lemma le_zeta_iff:
  assumes "is_partition n lam" "1 \<le> i" "i \<le> n"
  shows "i \<le> zeta n lam j \<longleftrightarrow> j \<le> lam i"
  using zeta_rows[OF assms(1), of j] assms(2,3) by (auto simp: set_eq_iff)

lemma zeta_le: "zeta n lam j \<le> n"
  unfolding zeta_def by (rule order.trans[OF card_mono[of "{1..n}"]]) auto

lemma zeta_0: "zeta n lam 0 = n"
proof -
  have "{i \<in> {1..n}. 0 \<le> lam i} = {1..n}" by auto
  then show ?thesis by (simp add: zeta_def)
qed

lemma zeta_antimono: "j \<le> j' \<Longrightarrow> zeta n lam j' \<le> zeta n lam j"
  unfolding zeta_def by (rule card_mono) auto

lemma zeta_pos:
  assumes "is_partition n lam" "1 \<le> n" "j \<le> lam 1"
  shows "1 \<le> zeta n lam j"
  using le_zeta_iff[OF assms(1), of 1 j] assms by simp

lemma in_shape_iff:
  assumes "is_partition n lam"
  shows "in_shape n lam j i \<longleftrightarrow> 1 \<le> j \<and> 1 \<le> i \<and> i \<le> n \<and> j \<le> lam i"
  using le_zeta_iff[OF assms, of i j] zeta_le[of n lam j] partition_antimono[OF assms, of 1 i]
  by (auto simp: in_shape_def)

lemma mem_R_of_iff:
  assumes P: "is_partition n lam" and i: "1 \<le> i" "i < n"
  shows "i \<in> R_of n lam \<longleftrightarrow> lam (i+1) < lam i"
proof
  assume "i \<in> R_of n lam"
  then obtain j where "i = zeta n lam j" "zeta n lam j < n"
    by (auto simp: R_of_def)
  then show "lam (i+1) < lam i"
    using le_zeta_iff[OF P, of i j] le_zeta_iff[OF P, of "i+1" j] i by simp
next
  assume drop: "lam (i+1) < lam i"
  have "i \<le> zeta n lam (lam i)" using le_zeta_iff[OF P, of i "lam i"] i by simp
  moreover have "\<not> i + 1 \<le> zeta n lam (lam i)"
    using le_zeta_iff[OF P, of "i+1" "lam i"] i drop by simp
  ultimately have "zeta n lam (lam i) = i" by simp
  moreover have "lam i \<le> lam 1" using partition_antimono[OF P, of 1 i] i by simp
  ultimately show "i \<in> R_of n lam"
    unfolding R_of_def using drop i by (intro CollectI exI[of _ "lam i"]) auto
qed

lemma R_of_subset:
  assumes "is_partition n lam" "1 \<le> n"
  shows "R_of n lam \<subseteq> {1..<n}"
  using zeta_pos[OF assms] by (auto simp: R_of_def)

lemma finite_R_of: "finite (R_of n lam)"
  by (rule finite_subset[of _ "{..n}"]) (auto simp: R_of_def zeta_le)

lemma exists_descent_step:
  fixes f :: "nat \<Rightarrow> 'a::linorder"
  assumes "x \<le> y" "f y < f x"
  shows "\<exists>k. x \<le> k \<and> k < y \<and> f (k+1) < f k"
  using assms
proof (induction y rule: dec_induct)
  case (step y)
  show ?case
  proof (cases "f (y+1) < f y")
    case False
    with step obtain k where "x \<le> k \<and> k < y \<and> f (k+1) < f k" by fastforce
    then show ?thesis by (intro exI[of _ k]) simp
  qed (use step in auto)
qed simp

section \<open>Enumerating the carrel bounds\<close>

lemma qq_eq_nth:
  "1 \<le> h \<Longrightarrow> h \<le> card R \<Longrightarrow> qq n R h = sorted_list_of_set R ! (h - 1)"
  by (simp add: qq_def)

lemma qq_mem:
  assumes "finite R" "1 \<le> h" "h \<le> card R"
  shows "qq n R h \<in> R"
  using assms qq_eq_nth[of h R n] nth_mem[of "h - 1" "sorted_list_of_set R"] by simp

lemma qq_Suc_cases:
  assumes "finite R"
  shows "qq n R (h+1) \<in> R \<or> qq n R (h+1) = n"
  using assms qq_mem[of R "h+1" n] by (auto simp: qq_def)

lemma qq_Suc_le:
  assumes "finite R" "R \<subseteq> {..n}"
  shows "qq n R (h+1) \<le> n"
  using qq_Suc_cases[OF assms(1), of n h] assms(2) by auto

lemma qq_less_Suc:
  assumes "finite R" "R \<subseteq> {..<n}" "1 \<le> h" "h \<le> card R"
  shows "qq n R h < qq n R (h+1)"
proof (cases "h+1 \<le> card R")
  case True
  then show ?thesis
    using assms qq_eq_nth[of h R n] qq_eq_nth[of "h+1" R n]
      sorted_wrt_nth_less[OF strict_sorted_list_of_set, of "h - 1" h R] by simp
next
  case False
  then have "qq n R (h+1) = n" by (simp add: qq_def)
  then show ?thesis using qq_mem[OF assms(1,3,4), of n] assms(2) by auto
qed

lemma qq_no_between:
  assumes "finite R" "1 \<le> h" "h \<le> card R" "x \<in> R" "qq n R h < x" "x < qq n R (h+1)"
  shows False
proof -
  let ?L = "sorted_list_of_set R"
  obtain m where m: "m < card R" "x = ?L ! m"
    using assms(1,4) by (metis in_set_conv_nth length_sorted_list_of_set set_sorted_list_of_set)
  have le: "?L ! k \<le> ?L ! k'" if "k \<le> k'" "k' < card R" for k k'
    using sorted_nth_mono[OF sorted_sorted_list_of_set that(1)] that(2) by simp
  show False
  proof (cases "m < h")
    case True
    then have "?L ! m \<le> ?L ! (h - 1)" using assms(3) by (intro le) auto
    then show False using assms(2,3,5) m qq_eq_nth[of h R n] by simp
  next
    case False
    then show False using le[of h m] assms(6) m by (simp add: qq_def)
  qed
qed

lemma qq_surj:
  assumes "finite R" "x \<in> R"
  shows "\<exists>h \<in> {1..card R}. qq n R h = x"
proof -
  obtain m where "m < card R" "x = sorted_list_of_set R ! m"
    using assms by (metis in_set_conv_nth length_sorted_list_of_set set_sorted_list_of_set)
  then show ?thesis by (intro bexI[of _ "m+1"]) (auto simp: qq_def)
qed

lemma qq_Suc_eqI:
  assumes fin: "finite R" and sub: "R \<subseteq> {..<n}" and h: "1 \<le> h" "h \<le> card R"
    and "qq n R h < b" "b \<in> R \<or> b = n"
    and between: "\<And>x. x \<in> R \<Longrightarrow> qq n R h < x \<Longrightarrow> x < b \<Longrightarrow> False"
  shows "qq n R (h+1) = b"
proof (rule ccontr)
  assume "qq n R (h+1) \<noteq> b"
  then consider "qq n R (h+1) < b" | "b < qq n R (h+1)" by linarith
  then show False
  proof cases
    case 1
    then show False
      using between qq_Suc_cases[OF fin, of n h] qq_less_Suc[OF fin sub h] sub assms(6) by auto
  next
    case 2
    have "R \<subseteq> {..n}" using sub by auto
    then show False
      using 2 qq_no_between[OF fin h, of b] qq_Suc_le[OF fin, of n h] assms(5,6) by auto
  qed
qed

※ ※ ※

*Your assignment*. Working through the listing above, count every line that holds "proof" and answer with the count alone.

*Response area*. 10